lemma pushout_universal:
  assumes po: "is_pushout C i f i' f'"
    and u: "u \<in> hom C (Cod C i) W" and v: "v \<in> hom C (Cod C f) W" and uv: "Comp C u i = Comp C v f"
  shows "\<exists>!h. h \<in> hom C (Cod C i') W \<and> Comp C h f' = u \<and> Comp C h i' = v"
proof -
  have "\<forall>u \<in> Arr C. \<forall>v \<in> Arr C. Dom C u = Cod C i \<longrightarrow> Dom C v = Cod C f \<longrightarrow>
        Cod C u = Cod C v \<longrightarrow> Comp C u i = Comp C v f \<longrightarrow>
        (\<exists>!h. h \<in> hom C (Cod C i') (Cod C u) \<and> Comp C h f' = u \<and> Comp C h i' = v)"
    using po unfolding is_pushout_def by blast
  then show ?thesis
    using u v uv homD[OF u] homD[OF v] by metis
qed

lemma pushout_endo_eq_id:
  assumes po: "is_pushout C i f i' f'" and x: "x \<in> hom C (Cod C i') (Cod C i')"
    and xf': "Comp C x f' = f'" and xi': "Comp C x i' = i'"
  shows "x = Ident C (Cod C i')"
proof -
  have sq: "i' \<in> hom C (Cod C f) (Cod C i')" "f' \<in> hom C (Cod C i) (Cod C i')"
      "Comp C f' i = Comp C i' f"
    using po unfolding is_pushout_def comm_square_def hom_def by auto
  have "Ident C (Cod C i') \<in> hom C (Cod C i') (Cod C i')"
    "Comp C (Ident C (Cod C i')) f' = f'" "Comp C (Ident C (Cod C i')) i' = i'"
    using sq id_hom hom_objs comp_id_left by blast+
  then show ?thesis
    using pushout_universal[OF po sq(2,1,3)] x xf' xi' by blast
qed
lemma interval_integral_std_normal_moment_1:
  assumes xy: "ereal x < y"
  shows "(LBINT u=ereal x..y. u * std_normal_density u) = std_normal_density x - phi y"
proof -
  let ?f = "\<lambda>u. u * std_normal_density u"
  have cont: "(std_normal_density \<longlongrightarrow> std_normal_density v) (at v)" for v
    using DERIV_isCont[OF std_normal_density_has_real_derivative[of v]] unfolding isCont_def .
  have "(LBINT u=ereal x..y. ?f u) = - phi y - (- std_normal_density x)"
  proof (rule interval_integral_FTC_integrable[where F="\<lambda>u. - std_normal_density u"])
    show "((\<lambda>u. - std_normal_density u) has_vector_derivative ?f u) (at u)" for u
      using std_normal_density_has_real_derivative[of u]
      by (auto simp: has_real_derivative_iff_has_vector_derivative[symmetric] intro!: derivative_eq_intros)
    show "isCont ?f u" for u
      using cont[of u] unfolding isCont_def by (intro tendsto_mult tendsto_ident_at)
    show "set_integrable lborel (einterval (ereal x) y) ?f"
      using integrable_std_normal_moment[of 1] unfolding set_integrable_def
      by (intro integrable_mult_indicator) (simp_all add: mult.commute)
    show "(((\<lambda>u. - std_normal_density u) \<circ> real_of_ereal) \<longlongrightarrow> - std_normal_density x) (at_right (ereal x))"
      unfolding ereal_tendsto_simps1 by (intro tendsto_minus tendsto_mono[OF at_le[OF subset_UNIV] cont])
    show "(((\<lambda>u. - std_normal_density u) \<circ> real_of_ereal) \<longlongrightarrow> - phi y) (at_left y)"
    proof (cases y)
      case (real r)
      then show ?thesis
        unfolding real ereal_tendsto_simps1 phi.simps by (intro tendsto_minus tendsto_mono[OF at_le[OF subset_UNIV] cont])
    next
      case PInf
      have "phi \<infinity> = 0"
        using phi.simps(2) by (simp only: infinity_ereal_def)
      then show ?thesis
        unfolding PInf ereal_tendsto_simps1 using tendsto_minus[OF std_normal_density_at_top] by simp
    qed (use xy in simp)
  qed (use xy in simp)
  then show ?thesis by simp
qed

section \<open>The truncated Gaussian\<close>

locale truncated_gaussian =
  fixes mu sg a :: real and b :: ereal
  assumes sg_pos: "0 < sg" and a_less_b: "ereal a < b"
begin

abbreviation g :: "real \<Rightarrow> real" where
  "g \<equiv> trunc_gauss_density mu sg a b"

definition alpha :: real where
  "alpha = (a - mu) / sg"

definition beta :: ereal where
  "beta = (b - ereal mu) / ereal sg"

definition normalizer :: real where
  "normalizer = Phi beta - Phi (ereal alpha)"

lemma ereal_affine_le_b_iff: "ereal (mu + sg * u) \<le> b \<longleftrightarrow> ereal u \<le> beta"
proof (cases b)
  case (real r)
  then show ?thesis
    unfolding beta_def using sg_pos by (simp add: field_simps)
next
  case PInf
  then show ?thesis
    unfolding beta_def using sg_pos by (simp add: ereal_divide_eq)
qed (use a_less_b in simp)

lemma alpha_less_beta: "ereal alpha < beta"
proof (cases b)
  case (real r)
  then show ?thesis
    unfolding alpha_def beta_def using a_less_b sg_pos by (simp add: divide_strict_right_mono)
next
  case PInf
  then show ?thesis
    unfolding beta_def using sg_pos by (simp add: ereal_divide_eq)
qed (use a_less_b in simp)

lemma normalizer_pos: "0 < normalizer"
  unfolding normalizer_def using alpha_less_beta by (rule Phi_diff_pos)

┄┄┄┄┄┄┄┄┄┄┄┄┄┄┄┄┄┄┄┄

→ **Work task**
Please write out only the lines from the one containing "then show ?thesis by simp" to the end of the records above, exactly, both ends included.

→ **Solution to this problem**
  then show ?thesis by simp
qed

section \<open>The truncated Gaussian\<close>

locale truncated_gaussian =
  fixes mu sg a :: real and b :: ereal
  assumes sg_pos: "0 < sg" and a_less_b: "ereal a < b"
begin

abbreviation g :: "real \<Rightarrow> real" where
  "g \<equiv> trunc_gauss_density mu sg a b"

definition alpha :: real where
  "alpha = (a - mu) / sg"

definition beta :: ereal where
  "beta = (b - ereal mu) / ereal sg"

definition normalizer :: real where
  "normalizer = Phi beta - Phi (ereal alpha)"

lemma ereal_affine_le_b_iff: "ereal (mu + sg * u) \<le> b \<longleftrightarrow> ereal u \<le> beta"
proof (cases b)
  case (real r)
  then show ?thesis
    unfolding beta_def using sg_pos by (simp add: field_simps)
next
  case PInf
  then show ?thesis
    unfolding beta_def using sg_pos by (simp add: ereal_divide_eq)
qed (use a_less_b in simp)

lemma alpha_less_beta: "ereal alpha < beta"
proof (cases b)
  case (real r)
  then show ?thesis
    unfolding alpha_def beta_def using a_less_b sg_pos by (simp add: divide_strict_right_mono)
next
  case PInf
  then show ?thesis
    unfolding beta_def using sg_pos by (simp add: ereal_divide_eq)
qed (use a_less_b in simp)

lemma normalizer_pos: "0 < normalizer"
  unfolding normalizer_def using alpha_less_beta by (rule Phi_diff_pos)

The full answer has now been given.